4. Collusive Alliances: secretly collude together in order to increase their market power. By
combining together into cartels, they reduce competition in the marketplace, enabling them to
extract higher prices from their customers or lower prices from suppliers.
- Strategic Alliance Processes:
Co-evolution: The concept of co-evolution underlines the way in which partners, strategies,
capabilities and environments are constantly changing. As they change, they need
realignment so that they can evolve in harmony. A co-evolutionary perspective on alliances
therefore places the emphasis on flexibility and change.
Trust: Trust in a relationship is something that has to be continuously earned. Trust is often
particularly fragile in alliances between the public and private sectors, where the profit
motive is suspect on one side, and sudden shifts in political agendas are feared on the other.
- Different Stages In The Life Span of a Strategic Alliance:
1. Courtship: initial process of courting potential partners, where the main resource
commitment is managerial time, courtship process should not be rushed, as the
willingness of both partners is required, each partner has to see a strategic fit and
organizational fit.
2. Negotiation: negotiate mutual roles at the outset, it is important to get initial contracts
clear and correct and it is worth spending time working out how disputes during the life
of the alliance will be resolved.
3. Start-Up: involves considerable investment of material and human resources and trust is
very important.
4. Maintenance: refers to the ongoing operation of the strategic alliance, with increasing
resources likely to be committed.
5. Termination: Often an alliance will have had an agreed time span or purpose right from
the start, so termination is a matter of completion rather than failure, Sometimes the
alliance has been so successful that the partners will wish to extend the alliance by
agreeing a new alliance between themselves, committing still more resources.
Comparing Acquisitions, Alliances and Organic Development
- Buy, ally or DIY?
Acquisitions and strategic alliances have high failure rates.
Acquisitions can go wrong because of excessive initial valuations, exaggerated
expectations of strategic fi t, underestimated problems of organisational fit etc.
Alliances also suffer from miscalculations in terms of strategic and organisational fi t,
but, given the lack of control on either side, have their own particular issues of trust and
co-evolution as well.
With these high failure rates, acquisitions and alliances need to be considered cautiously
alongside the default option of organic development (Do-It-Yourself).
The best approach will differ according to circumstances.
Four key factors that can help in choosing between acquisitions, alliances and organic
development:
1. Urgency: acquisitions = rapid method in pursuing strategy, alliances too may
accelerate strategy, DIY = slowest.
2. Uncertainty: often better to choose the alliance route where there is high
uncertainty in terms of the markets or technologies involved.
3. Type of capabilities: Acquisitions work best when the desired capabilities
(resources or competences) are hard, for example physical investments in
manufacturing facilities.
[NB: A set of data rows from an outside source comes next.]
(* Let $X$ be one of the Killing vector fields $\partial_x$, $\partial_\theta$, $x\partial_x+y\partial_y$, $\frac12(x^2-y^2)\partial_x+xy\partial_y$ of $\mathrm{SL}(2,\mathbb R)$. Then every $\mathcal A$-invariant $X$-translator is a surface of type $\Sigma_{x_0}$ or of type $\Sigma_{\theta_0}$ (depending on $X$).
   Context: $\mathrm{SL}(2,\mathbb R)$ is given global coordinates $(x,y,\theta)\in\mathbb R\times(0,\infty)\times\mathbb R$ via $(x,y,\theta)\mapsto \begin{pmatrix}1&x\\0&1\end{pmatrix}\begin{pmatrix}\sqrt y&0\\0&1/\sqrt y\end{pmatrix}\begin{pmatrix}\cos\theta&\sin\theta\\-\sin\theta&\cos\theta\end{pmatrix}$, with the metric $\langle\,,\rangle=\frac{dx^2+dy^2}{4y^2}+\left(d\theta+\frac{dx}{2y}\right)^2$. Orthonormal frame: $e_1=2y\partial_x-\partial_\theta$, $e_2=2y\partial_y$, $e_3=\partial_\theta$. A surface with unit normal $N$ and mean curvature $H$ (average of principal curvatures w.r.t. $N$) is an $X$-translator if $H=\langle N,X\rangle$. $\mathcal A$-invariant surfaces are those parametrized as $(s,t)\mapsto(x(s),t,\theta(s))$, $t>0$, with regular generating curve $(x(s),\theta(s))$; for them $N=\frac1\Phi(-(x'+2t\theta')e_1+x'e_3)$ and $H=\frac{2t^2}{\Phi^3}(x'\theta''-\theta'x'')$, $\Phi=\sqrt{(x'+2t\theta')^2+x'^2}$. For constants $x_0,\theta_0$: $\Sigma_{x_0}=\{x=x_0\}$, $\Sigma_{\theta_0}=\{\theta=\theta_0\}$. *)

theory Defs
  imports "HOL-Analysis.Analysis"
begin

text \<open>Points of SL(2,R) in the global coordinates (x, y, theta), y > 0, and tangent
vectors in coordinate components (a, b, c) meaning a d/dx + b d/dy + c d/dtheta.\<close>

type_synonym vec3 = "real \<times> real \<times> real"

definition sl2_metric :: "vec3 \<Rightarrow> vec3 \<Rightarrow> vec3 \<Rightarrow> real" where
  "sl2_metric p u v =
     (case p of (x, y, th) \<Rightarrow> case u of (u1, u2, u3) \<Rightarrow> case v of (v1, v2, v3) \<Rightarrow>
        (u1 * v1 + u2 * v2) / (4 * y^2) + (u3 + u1 / (2 * y)) * (v3 + v1 / (2 * y)))"

definition frame_e1 :: "vec3 \<Rightarrow> vec3" where
  "frame_e1 p = (case p of (x, y, th) \<Rightarrow> (2 * y, 0, -1))"
definition frame_e2 :: "vec3 \<Rightarrow> vec3" where
  "frame_e2 p = (case p of (x, y, th) \<Rightarrow> (0, 2 * y, 0))"
definition frame_e3 :: "vec3 \<Rightarrow> vec3" where
  "frame_e3 p = (0, 0, 1)"

definition killing_dx :: "vec3 \<Rightarrow> vec3" where
  "killing_dx p = (1, 0, 0)"
definition killing_dtheta :: "vec3 \<Rightarrow> vec3" where
  "killing_dtheta p = (0, 0, 1)"
definition killing_dil :: "vec3 \<Rightarrow> vec3" where
  "killing_dil p = (case p of (x, y, th) \<Rightarrow> (x, y, 0))"
definition killing_par :: "vec3 \<Rightarrow> vec3" where
  "killing_par p = (case p of (x, y, th) \<Rightarrow> ((x^2 - y^2) / 2, x * y, 0))"

text \<open>Data of an A-invariant surface (s,t) -> (x(s), t, theta(s)), t > 0, in terms of
the first derivatives x1 = x', th1 = theta' and second derivatives x2, th2 at s.\<close>
definition ainv_Phi :: "real \<Rightarrow> real \<Rightarrow> real \<Rightarrow> real" where
  "ainv_Phi x1 th1 t = sqrt ((x1 + 2 * t * th1)^2 + x1^2)"

definition ainv_normal :: "real \<Rightarrow> real \<Rightarrow> real \<Rightarrow> vec3 \<Rightarrow> vec3" where
  "ainv_normal x1 th1 t p =
     (1 / ainv_Phi x1 th1 t) *\<^sub>R (( - (x1 + 2 * t * th1)) *\<^sub>R frame_e1 p + x1 *\<^sub>R frame_e3 p)"

definition ainv_H :: "real \<Rightarrow> real \<Rightarrow> real \<Rightarrow> real \<Rightarrow> real \<Rightarrow> real" where
  "ainv_H x1 th1 x2 th2 t = 2 * t^2 / (ainv_Phi x1 th1 t)^3 * (x1 * th2 - th1 * x2)"

definition ainv_surface :: "real set \<Rightarrow> (real \<Rightarrow> real) \<Rightarrow> (real \<Rightarrow> real) \<Rightarrow> vec3 set" where
  "ainv_surface I x th = {(x s, t, th s) | s t. s \<in> I \<and> t > 0}"

definition ainv_translator ::
  "(vec3 \<Rightarrow> vec3) \<Rightarrow> real set \<Rightarrow> (real \<Rightarrow> real) \<Rightarrow> (real \<Rightarrow> real) \<Rightarrow>
   (real \<Rightarrow> real) \<Rightarrow> (real \<Rightarrow> real) \<Rightarrow> (real \<Rightarrow> real) \<Rightarrow> (real \<Rightarrow> real) \<Rightarrow> bool" where
  "ainv_translator X I x th x1 th1 x2 th2 \<longleftrightarrow>
     (\<forall>s\<in>I. \<forall>t>0. let p = (x s, t, th s) in
        ainv_H (x1 s) (th1 s) (x2 s) (th2 s) t =
          sl2_metric p (ainv_normal (x1 s) (th1 s) t p) (X p))"

definition Sigma_x :: "real \<Rightarrow> vec3 set" where
  "Sigma_x x0 = {(x0, y, th) | y th. y > 0}"
definition Sigma_theta :: "real \<Rightarrow> vec3 set" where
  "Sigma_theta th0 = {(x, y, th0) | x y. y > 0}"

end

theory Submission
  imports Defs "HOL-Computational_Algebra.Polynomial"
begin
Hard resources such as factories are easier to put a value
on in the bidding process than soft resources such as people or brands. Hard
resources are also typically easier to control post-acquisition than people and
skills.
4. Modularity of Capabilities: If the sought-after capabilities are highly modular, in
other words they are distributed in clearly distinct sections or divisions of the
proposed partners, then an alliance tends to make sense. A joint venture linking
just the relevant sections of each partner can be formed, leaving each to run the rest
of its businesses independently.
It is important to weigh up the available options systematic ally and to avoid favoring one
or the other without careful analysis.